- _What is expected_
Going line by line through the entries below, tally those that hold the string "every". Give only the total.

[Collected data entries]
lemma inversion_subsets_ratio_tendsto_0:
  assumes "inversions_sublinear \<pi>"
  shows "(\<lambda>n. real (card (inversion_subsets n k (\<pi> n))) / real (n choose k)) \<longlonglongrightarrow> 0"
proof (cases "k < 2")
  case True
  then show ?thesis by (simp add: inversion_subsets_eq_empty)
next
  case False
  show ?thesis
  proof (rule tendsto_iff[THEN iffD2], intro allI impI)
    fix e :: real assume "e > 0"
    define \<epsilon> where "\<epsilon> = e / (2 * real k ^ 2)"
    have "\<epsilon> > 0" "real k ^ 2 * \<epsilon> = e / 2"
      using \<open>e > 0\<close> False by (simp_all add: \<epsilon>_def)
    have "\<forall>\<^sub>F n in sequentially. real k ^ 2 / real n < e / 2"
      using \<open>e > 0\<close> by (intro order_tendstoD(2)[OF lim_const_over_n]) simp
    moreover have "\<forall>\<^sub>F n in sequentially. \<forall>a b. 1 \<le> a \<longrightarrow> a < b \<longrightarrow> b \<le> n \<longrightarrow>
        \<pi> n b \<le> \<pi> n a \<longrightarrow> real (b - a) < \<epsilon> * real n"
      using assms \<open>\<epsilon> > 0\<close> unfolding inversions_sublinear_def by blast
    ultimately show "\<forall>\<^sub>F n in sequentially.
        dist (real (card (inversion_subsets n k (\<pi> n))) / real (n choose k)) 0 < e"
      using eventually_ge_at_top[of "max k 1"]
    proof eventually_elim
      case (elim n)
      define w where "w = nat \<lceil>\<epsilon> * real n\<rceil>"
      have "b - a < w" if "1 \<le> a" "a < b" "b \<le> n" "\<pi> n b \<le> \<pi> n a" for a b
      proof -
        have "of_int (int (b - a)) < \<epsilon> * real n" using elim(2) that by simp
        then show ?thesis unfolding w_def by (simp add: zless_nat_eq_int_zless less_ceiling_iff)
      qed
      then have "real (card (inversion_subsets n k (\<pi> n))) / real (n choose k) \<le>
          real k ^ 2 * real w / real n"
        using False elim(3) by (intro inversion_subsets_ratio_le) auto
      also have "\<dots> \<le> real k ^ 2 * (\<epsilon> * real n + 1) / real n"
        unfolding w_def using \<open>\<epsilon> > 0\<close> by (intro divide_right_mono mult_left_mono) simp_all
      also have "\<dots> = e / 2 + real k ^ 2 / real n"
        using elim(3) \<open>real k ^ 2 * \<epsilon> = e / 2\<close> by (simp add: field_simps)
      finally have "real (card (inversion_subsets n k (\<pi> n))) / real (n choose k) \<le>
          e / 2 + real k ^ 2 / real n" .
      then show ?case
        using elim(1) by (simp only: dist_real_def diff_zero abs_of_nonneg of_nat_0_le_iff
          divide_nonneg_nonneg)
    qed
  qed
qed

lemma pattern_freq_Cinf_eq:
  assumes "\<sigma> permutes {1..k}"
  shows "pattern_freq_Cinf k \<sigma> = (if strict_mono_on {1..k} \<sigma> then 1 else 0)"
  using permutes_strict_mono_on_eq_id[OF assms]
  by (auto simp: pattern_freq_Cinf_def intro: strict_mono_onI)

==

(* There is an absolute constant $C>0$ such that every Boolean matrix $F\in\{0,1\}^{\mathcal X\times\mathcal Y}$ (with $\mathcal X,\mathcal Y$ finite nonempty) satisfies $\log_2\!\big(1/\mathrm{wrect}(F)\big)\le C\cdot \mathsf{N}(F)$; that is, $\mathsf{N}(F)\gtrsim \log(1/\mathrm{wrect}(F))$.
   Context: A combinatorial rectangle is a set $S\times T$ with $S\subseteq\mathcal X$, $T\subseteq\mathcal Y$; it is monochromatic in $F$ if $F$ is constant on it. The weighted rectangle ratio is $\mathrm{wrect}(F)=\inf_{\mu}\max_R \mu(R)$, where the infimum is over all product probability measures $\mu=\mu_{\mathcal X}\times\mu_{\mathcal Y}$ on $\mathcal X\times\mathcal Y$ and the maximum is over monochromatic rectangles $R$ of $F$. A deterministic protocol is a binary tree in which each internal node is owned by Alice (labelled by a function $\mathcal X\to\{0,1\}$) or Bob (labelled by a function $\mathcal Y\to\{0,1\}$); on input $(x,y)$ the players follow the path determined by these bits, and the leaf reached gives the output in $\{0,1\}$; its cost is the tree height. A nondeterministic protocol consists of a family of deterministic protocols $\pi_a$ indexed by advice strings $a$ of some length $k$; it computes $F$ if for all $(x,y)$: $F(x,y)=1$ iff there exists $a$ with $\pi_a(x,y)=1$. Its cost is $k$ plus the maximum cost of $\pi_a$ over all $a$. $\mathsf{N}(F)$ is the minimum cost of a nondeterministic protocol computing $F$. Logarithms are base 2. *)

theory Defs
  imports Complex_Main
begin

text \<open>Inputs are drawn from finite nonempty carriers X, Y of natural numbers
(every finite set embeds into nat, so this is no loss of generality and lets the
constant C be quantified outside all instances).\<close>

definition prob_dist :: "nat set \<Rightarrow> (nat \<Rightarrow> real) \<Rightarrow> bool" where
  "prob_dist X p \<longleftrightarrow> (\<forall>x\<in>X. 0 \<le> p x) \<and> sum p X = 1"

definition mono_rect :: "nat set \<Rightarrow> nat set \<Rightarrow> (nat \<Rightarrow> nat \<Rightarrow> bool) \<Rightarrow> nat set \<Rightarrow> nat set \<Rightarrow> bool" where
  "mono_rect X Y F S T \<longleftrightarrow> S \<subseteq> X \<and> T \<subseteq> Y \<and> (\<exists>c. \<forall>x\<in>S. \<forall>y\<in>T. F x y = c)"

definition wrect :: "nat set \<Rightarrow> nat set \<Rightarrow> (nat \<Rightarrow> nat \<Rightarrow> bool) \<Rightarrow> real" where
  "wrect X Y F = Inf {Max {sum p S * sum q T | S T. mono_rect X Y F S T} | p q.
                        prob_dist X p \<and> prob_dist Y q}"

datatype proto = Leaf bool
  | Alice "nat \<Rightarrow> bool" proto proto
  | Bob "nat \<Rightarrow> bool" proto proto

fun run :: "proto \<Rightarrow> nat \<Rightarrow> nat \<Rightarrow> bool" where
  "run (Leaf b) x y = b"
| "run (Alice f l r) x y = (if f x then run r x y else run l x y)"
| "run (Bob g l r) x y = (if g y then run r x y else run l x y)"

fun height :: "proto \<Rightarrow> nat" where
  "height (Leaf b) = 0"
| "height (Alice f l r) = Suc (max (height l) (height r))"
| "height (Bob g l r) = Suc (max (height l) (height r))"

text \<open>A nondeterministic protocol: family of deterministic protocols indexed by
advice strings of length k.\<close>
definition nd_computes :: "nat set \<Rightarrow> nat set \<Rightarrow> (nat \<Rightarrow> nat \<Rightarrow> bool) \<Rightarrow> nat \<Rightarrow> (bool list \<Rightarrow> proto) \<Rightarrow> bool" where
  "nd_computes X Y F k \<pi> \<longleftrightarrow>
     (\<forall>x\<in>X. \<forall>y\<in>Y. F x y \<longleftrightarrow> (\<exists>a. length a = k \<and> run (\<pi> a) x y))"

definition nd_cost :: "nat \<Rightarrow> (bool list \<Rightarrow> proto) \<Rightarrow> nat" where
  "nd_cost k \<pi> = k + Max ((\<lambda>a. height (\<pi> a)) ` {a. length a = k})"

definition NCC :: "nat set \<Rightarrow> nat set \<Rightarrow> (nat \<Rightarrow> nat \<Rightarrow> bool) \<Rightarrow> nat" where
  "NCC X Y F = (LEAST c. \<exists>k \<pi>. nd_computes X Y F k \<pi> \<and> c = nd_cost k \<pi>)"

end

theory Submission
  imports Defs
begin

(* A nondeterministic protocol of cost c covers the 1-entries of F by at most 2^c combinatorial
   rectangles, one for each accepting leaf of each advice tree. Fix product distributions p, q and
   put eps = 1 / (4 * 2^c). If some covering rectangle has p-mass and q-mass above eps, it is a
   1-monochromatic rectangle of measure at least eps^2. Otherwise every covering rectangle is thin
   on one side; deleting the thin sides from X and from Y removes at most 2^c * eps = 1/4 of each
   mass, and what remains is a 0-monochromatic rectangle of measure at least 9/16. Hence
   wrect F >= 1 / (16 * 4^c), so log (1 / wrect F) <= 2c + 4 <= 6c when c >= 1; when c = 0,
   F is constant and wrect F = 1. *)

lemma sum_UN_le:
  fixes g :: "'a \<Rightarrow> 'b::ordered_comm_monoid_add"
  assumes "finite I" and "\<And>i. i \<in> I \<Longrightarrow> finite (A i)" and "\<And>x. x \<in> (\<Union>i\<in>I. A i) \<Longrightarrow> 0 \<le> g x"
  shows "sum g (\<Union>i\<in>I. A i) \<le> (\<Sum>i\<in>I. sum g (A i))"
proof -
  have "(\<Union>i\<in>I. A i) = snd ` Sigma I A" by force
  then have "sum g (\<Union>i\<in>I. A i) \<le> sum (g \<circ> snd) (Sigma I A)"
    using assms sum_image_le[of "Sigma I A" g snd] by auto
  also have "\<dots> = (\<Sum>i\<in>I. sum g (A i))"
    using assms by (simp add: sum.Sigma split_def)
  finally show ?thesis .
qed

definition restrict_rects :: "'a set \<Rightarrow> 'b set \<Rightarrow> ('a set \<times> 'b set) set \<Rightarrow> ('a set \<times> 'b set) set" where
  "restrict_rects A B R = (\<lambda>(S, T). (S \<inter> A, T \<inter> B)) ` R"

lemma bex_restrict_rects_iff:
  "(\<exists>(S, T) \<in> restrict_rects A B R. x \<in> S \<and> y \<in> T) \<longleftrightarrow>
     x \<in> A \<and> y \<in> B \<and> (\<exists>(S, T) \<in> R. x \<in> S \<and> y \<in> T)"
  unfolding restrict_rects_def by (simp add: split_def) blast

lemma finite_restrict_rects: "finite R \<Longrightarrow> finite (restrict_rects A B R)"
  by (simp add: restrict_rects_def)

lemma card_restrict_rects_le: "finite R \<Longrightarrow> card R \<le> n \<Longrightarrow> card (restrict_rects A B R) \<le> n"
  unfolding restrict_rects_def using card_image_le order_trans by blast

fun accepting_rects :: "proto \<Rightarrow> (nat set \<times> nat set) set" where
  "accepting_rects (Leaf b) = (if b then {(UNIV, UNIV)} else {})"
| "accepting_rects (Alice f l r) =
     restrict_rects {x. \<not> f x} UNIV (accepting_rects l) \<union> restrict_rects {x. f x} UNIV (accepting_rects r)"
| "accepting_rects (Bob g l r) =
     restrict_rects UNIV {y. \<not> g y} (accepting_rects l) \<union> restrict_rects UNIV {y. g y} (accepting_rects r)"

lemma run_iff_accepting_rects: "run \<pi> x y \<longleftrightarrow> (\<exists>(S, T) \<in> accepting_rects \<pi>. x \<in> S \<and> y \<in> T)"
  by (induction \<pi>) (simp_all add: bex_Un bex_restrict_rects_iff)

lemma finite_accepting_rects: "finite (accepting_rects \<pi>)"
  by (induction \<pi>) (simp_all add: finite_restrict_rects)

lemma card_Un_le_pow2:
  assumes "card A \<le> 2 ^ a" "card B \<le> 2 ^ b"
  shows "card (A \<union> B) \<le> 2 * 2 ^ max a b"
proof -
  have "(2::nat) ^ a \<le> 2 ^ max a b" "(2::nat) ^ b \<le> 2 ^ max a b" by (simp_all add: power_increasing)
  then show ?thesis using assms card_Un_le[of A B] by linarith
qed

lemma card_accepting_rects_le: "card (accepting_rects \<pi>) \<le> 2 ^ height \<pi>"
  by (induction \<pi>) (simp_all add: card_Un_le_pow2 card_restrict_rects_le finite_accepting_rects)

---

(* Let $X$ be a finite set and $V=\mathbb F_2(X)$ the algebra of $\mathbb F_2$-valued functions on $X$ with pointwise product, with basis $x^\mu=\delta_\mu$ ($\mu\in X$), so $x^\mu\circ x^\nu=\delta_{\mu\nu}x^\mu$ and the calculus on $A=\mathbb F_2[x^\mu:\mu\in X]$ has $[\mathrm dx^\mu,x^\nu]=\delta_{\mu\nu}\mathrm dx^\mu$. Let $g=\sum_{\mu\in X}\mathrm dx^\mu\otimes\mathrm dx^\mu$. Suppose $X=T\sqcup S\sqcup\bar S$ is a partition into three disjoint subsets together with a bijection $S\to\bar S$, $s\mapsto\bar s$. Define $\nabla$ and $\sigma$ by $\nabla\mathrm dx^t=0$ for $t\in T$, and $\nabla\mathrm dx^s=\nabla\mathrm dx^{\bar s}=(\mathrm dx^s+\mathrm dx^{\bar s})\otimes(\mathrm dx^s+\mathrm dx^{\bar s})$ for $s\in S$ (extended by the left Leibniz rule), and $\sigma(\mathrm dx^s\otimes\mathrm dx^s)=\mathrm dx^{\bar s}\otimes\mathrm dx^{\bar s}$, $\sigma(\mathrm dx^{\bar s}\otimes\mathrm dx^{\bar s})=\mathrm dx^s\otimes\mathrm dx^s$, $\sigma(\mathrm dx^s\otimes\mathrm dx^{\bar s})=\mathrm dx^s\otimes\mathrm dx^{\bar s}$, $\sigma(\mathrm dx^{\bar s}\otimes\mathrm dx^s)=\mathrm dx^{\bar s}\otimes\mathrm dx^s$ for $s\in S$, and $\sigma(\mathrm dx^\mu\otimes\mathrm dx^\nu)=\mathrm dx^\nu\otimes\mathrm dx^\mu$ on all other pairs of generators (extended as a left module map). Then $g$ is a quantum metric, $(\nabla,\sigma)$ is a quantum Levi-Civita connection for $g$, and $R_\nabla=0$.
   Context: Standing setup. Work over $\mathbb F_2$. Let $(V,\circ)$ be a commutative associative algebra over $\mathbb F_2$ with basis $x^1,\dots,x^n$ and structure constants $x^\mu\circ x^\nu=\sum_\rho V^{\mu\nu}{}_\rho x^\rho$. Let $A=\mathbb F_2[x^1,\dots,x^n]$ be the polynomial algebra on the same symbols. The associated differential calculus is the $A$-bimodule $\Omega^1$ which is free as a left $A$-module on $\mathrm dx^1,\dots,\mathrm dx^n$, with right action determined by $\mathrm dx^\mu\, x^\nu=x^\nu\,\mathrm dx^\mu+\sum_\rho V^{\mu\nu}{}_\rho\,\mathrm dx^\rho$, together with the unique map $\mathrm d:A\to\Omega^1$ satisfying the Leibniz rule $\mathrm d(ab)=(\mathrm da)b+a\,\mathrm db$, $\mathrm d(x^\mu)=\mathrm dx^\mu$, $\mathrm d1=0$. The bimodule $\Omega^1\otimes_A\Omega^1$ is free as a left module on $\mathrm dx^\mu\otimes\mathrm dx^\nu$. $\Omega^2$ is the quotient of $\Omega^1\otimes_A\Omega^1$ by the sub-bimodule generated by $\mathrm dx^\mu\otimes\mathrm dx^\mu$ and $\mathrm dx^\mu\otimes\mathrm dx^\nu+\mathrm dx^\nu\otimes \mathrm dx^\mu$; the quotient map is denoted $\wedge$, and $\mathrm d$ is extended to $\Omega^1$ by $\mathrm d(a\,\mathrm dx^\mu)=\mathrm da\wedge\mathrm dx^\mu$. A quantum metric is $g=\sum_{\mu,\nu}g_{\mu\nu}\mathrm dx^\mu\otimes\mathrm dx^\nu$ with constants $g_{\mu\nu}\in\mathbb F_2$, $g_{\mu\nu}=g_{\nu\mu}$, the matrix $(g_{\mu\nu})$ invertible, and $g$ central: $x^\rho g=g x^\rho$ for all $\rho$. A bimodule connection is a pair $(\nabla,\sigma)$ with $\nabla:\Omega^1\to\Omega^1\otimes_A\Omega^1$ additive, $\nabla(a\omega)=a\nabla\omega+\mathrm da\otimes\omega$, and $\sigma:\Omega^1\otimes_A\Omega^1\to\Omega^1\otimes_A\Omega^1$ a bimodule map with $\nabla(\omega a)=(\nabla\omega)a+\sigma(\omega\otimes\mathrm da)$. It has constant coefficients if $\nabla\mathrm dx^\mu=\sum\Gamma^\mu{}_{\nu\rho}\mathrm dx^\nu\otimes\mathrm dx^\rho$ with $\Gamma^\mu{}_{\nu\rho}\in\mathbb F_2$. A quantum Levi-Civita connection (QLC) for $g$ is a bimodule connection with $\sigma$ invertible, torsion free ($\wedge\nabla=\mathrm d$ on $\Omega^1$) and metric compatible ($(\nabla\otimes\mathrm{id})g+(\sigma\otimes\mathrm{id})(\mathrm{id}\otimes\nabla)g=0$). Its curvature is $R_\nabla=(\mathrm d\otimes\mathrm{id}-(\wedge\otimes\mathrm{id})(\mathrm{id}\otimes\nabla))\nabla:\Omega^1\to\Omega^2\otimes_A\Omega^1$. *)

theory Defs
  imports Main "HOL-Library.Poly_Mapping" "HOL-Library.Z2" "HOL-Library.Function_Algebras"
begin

- _Exercise output_
3